*What is needed:* Every line of the entries below that carries the string "where" should be copied.

*Task inputs:*

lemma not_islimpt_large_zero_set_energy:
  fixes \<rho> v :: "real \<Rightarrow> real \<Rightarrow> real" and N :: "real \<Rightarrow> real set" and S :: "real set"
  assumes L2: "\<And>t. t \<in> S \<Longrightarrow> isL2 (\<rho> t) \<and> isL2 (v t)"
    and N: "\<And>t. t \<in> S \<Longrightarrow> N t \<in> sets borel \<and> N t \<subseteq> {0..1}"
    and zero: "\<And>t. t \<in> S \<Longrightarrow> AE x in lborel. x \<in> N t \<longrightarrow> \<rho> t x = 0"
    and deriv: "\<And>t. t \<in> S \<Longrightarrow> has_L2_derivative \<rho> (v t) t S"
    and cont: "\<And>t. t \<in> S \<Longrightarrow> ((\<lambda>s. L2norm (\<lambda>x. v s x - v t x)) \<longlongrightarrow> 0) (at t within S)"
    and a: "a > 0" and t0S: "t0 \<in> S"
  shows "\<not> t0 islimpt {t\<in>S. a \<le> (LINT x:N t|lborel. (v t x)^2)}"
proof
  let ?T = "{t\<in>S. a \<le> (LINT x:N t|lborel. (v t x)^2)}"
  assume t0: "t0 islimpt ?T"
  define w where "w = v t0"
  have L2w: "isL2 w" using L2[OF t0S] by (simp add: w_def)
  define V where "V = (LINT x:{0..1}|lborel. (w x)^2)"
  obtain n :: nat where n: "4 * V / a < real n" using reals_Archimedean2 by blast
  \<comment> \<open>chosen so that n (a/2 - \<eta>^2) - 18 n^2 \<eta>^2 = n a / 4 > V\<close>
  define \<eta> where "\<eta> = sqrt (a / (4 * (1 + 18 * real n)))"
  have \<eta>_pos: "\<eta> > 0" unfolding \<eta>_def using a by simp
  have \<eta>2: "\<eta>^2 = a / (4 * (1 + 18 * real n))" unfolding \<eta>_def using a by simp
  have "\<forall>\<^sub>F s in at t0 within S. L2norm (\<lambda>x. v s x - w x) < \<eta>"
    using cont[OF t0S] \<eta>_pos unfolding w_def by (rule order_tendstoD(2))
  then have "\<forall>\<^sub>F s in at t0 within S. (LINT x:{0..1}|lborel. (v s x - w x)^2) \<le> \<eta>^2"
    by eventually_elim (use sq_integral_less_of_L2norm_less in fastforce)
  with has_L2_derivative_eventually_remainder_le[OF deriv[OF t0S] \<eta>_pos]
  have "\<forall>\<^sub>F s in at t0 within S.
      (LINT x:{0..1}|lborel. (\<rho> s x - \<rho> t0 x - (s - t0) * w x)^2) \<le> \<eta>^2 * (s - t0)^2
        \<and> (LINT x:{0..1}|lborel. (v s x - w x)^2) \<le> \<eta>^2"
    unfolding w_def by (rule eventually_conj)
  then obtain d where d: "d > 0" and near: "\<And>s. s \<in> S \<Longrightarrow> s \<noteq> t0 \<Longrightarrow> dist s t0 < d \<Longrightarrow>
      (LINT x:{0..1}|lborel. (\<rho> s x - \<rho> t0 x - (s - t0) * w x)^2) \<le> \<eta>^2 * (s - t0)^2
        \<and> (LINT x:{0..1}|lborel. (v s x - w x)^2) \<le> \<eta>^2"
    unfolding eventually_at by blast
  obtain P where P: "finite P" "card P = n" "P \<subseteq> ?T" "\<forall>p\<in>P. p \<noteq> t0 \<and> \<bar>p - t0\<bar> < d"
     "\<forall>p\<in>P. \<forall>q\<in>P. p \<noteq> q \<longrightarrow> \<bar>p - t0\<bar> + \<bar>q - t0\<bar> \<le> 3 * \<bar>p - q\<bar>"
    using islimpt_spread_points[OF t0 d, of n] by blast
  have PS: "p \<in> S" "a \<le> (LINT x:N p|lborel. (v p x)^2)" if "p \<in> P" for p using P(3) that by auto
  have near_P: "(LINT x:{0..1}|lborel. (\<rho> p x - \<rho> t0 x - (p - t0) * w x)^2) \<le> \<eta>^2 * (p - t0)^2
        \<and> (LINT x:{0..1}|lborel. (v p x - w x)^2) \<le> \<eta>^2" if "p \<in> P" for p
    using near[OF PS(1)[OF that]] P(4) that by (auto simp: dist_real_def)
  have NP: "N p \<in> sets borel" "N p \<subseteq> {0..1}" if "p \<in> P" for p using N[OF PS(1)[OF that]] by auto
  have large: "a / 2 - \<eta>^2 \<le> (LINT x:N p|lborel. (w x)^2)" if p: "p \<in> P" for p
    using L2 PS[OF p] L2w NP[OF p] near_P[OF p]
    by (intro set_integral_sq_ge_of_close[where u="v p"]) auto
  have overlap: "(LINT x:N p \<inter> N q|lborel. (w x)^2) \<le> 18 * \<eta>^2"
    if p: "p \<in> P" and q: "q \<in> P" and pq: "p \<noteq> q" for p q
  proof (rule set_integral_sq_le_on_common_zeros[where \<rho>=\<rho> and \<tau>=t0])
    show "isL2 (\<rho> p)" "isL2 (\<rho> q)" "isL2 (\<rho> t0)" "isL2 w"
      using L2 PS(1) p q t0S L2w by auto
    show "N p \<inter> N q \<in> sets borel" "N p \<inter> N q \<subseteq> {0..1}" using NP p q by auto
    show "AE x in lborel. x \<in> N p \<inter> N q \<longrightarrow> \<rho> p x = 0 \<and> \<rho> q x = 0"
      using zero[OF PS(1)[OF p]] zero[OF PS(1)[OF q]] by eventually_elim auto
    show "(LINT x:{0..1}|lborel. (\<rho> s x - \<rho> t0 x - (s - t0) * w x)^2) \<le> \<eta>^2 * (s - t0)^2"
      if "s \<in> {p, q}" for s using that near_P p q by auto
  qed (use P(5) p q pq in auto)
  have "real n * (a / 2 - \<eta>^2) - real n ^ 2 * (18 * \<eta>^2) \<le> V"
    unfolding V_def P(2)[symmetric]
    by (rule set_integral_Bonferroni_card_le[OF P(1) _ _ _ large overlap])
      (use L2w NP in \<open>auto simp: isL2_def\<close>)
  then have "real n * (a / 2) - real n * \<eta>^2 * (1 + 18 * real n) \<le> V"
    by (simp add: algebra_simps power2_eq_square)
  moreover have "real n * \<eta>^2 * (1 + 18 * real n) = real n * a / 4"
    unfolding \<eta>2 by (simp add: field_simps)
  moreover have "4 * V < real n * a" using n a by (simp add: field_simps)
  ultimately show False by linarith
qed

*Task output:*
  define w where "w = v t0"
  define V where "V = (LINT x:{0..1}|lborel. (w x)^2)"
  obtain n :: nat where n: "4 * V / a < real n" using reals_Archimedean2 by blast
  define \<eta> where "\<eta> = sqrt (a / (4 * (1 + 18 * real n)))"
  then obtain d where d: "d > 0" and near: "\<And>s. s \<in> S \<Longrightarrow> s \<noteq> t0 \<Longrightarrow> dist s t0 < d \<Longrightarrow>
  obtain P where P: "finite P" "card P = n" "P \<subseteq> ?T" "\<forall>p\<in>P. p \<noteq> t0 \<and> \<bar>p - t0\<bar> < d"
    by (intro set_integral_sq_ge_of_close[where u="v p"]) auto
  proof (rule set_integral_sq_le_on_common_zeros[where \<rho>=\<rho> and \<tau>=t0])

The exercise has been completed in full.